Exercise details =
Up to and including the line that contains "(block_field K) (\<lambda>_.", reproduce every line exactly, beginning with the first line below.

(Dataset entries)
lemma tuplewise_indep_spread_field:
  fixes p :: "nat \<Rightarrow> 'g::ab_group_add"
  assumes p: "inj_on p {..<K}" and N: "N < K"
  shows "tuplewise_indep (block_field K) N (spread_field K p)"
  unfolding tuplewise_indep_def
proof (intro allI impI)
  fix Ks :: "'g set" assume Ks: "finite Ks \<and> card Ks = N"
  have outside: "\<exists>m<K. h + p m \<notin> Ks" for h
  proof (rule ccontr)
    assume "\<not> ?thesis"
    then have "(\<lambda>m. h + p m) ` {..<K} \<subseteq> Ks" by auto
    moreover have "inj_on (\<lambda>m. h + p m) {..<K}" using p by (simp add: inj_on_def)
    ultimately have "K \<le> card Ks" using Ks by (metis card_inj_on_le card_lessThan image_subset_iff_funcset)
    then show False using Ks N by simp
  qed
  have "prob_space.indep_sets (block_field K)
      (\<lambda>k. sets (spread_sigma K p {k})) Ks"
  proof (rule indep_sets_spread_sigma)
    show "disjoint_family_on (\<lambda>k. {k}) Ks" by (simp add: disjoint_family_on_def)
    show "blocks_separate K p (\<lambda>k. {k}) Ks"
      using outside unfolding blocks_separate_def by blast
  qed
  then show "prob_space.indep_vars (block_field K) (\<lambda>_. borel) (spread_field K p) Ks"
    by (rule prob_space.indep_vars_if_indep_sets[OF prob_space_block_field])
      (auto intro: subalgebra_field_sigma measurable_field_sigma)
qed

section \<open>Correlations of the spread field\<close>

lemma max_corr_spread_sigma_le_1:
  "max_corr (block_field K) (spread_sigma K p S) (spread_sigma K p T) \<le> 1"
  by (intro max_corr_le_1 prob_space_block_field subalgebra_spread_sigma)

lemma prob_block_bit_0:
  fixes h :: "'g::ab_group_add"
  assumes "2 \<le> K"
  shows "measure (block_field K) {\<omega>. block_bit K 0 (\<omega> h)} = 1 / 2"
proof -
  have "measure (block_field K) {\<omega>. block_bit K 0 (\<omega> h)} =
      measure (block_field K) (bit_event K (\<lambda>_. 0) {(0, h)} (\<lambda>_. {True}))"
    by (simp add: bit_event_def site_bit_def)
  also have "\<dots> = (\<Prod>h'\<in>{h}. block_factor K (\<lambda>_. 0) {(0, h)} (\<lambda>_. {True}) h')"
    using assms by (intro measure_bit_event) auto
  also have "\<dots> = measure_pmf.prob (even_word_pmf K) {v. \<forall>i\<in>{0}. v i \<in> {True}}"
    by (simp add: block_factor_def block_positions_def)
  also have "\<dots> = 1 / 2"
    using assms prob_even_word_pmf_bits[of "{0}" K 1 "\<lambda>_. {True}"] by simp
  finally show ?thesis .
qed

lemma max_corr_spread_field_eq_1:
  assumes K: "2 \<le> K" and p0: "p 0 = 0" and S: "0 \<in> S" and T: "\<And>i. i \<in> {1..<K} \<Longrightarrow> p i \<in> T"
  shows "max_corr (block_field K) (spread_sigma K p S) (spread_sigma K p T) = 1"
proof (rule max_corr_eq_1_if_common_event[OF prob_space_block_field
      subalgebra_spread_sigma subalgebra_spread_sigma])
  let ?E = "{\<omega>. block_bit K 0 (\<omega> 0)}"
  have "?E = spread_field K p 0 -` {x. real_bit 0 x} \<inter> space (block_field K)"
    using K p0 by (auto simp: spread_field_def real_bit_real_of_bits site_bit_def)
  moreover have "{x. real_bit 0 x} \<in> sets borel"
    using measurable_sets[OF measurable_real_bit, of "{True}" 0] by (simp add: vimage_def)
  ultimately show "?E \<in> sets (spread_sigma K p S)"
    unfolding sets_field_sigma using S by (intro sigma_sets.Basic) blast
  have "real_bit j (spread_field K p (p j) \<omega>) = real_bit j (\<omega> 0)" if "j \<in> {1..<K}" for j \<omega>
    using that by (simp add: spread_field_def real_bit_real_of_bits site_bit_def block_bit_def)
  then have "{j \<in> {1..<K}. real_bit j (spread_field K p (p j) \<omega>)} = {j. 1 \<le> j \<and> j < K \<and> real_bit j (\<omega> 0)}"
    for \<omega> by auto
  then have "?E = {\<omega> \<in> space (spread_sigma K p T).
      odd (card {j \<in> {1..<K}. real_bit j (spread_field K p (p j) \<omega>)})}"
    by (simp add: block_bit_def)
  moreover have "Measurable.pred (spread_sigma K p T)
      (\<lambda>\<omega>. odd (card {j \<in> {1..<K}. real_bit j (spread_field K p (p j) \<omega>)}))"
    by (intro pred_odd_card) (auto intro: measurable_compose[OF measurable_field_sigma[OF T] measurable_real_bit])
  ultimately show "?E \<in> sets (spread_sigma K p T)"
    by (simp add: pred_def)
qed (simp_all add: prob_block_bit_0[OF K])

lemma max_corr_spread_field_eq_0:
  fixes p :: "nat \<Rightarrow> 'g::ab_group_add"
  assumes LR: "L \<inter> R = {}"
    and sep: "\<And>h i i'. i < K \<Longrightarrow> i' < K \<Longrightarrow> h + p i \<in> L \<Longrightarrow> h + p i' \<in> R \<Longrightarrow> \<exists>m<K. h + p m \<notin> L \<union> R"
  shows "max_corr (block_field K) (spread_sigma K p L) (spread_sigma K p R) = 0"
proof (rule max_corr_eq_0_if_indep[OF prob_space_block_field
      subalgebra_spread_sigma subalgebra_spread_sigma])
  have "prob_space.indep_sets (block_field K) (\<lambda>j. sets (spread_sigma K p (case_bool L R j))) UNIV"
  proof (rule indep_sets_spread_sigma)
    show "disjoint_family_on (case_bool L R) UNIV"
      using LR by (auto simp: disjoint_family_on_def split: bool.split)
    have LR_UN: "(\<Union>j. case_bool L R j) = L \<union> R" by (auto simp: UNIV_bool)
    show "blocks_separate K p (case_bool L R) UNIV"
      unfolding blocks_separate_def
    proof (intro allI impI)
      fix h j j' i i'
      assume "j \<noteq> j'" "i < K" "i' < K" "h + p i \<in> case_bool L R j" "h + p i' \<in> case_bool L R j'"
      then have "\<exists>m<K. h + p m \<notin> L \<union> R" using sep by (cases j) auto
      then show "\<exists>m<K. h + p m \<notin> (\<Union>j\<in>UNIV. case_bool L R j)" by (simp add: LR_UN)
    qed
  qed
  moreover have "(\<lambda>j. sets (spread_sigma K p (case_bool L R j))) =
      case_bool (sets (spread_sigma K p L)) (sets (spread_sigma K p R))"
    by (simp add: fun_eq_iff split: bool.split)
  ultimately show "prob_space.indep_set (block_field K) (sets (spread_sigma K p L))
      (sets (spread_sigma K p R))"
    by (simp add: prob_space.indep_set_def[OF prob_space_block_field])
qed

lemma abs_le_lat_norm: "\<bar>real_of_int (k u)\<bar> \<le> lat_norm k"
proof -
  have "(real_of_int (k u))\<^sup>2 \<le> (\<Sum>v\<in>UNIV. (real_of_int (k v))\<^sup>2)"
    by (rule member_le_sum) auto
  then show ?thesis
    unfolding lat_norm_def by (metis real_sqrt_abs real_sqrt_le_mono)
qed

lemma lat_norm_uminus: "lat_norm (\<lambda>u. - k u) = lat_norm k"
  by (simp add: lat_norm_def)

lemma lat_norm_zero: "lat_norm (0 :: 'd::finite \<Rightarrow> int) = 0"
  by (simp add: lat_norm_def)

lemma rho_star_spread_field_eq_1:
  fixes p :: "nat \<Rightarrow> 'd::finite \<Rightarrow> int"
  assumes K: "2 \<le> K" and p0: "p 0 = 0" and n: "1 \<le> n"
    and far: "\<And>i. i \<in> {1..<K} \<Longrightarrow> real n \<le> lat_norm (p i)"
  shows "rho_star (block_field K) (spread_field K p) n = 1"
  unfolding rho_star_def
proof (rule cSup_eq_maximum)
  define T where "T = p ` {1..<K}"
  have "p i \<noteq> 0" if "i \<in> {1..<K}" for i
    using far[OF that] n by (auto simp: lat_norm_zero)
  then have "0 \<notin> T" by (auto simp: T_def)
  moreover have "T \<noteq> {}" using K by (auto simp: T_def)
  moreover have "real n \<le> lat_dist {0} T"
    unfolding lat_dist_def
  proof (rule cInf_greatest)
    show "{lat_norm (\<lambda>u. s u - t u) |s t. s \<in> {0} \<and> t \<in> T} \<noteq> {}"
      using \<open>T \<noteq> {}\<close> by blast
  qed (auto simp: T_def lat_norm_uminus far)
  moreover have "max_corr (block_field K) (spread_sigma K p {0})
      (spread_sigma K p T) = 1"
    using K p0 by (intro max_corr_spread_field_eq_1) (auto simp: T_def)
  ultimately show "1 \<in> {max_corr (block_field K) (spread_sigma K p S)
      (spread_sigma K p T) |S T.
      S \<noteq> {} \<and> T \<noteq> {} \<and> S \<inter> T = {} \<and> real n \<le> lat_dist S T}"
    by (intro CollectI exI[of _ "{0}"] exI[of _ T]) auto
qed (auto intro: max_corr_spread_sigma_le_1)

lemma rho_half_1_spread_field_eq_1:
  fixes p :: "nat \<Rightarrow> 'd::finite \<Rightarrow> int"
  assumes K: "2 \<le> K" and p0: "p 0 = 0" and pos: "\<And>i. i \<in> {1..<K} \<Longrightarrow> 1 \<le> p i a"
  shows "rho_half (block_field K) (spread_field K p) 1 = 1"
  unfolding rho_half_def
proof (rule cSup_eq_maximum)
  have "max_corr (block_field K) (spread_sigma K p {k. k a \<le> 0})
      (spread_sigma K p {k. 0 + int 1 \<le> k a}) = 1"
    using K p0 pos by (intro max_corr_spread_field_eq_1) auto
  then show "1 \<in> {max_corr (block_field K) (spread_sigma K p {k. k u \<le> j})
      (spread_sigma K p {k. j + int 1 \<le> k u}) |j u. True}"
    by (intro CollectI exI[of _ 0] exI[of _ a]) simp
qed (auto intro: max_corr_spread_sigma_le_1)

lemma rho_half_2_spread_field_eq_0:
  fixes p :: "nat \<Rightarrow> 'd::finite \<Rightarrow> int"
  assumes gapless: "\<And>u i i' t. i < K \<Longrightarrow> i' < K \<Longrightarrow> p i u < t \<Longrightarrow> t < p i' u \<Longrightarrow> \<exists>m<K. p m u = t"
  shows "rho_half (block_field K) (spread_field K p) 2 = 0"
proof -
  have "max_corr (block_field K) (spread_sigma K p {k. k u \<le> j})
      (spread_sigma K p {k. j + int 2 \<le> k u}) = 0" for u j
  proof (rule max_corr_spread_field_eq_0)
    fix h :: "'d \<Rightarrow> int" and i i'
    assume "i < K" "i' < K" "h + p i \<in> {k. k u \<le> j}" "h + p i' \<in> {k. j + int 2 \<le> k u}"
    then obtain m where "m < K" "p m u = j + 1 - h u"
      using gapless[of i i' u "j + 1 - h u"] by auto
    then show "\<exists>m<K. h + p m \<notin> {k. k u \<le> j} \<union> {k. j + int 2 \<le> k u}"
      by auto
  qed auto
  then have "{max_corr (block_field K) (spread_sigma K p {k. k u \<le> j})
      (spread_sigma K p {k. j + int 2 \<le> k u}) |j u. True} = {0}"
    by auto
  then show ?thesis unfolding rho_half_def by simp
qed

Written response =
lemma tuplewise_indep_spread_field:
  fixes p :: "nat \<Rightarrow> 'g::ab_group_add"
  assumes p: "inj_on p {..<K}" and N: "N < K"
  shows "tuplewise_indep (block_field K) N (spread_field K p)"
  unfolding tuplewise_indep_def
proof (intro allI impI)
  fix Ks :: "'g set" assume Ks: "finite Ks \<and> card Ks = N"
  have outside: "\<exists>m<K. h + p m \<notin> Ks" for h
  proof (rule ccontr)
    assume "\<not> ?thesis"
    then have "(\<lambda>m. h + p m) ` {..<K} \<subseteq> Ks" by auto
    moreover have "inj_on (\<lambda>m. h + p m) {..<K}" using p by (simp add: inj_on_def)
    ultimately have "K \<le> card Ks" using Ks by (metis card_inj_on_le card_lessThan image_subset_iff_funcset)
    then show False using Ks N by simp
  qed
  have "prob_space.indep_sets (block_field K)
      (\<lambda>k. sets (spread_sigma K p {k})) Ks"
  proof (rule indep_sets_spread_sigma)
    show "disjoint_family_on (\<lambda>k. {k}) Ks" by (simp add: disjoint_family_on_def)
    show "blocks_separate K p (\<lambda>k. {k}) Ks"
      using outside unfolding blocks_separate_def by blast
  qed
  then show "prob_space.indep_vars (block_field K) (\<lambda>_. borel) (spread_field K p) Ks"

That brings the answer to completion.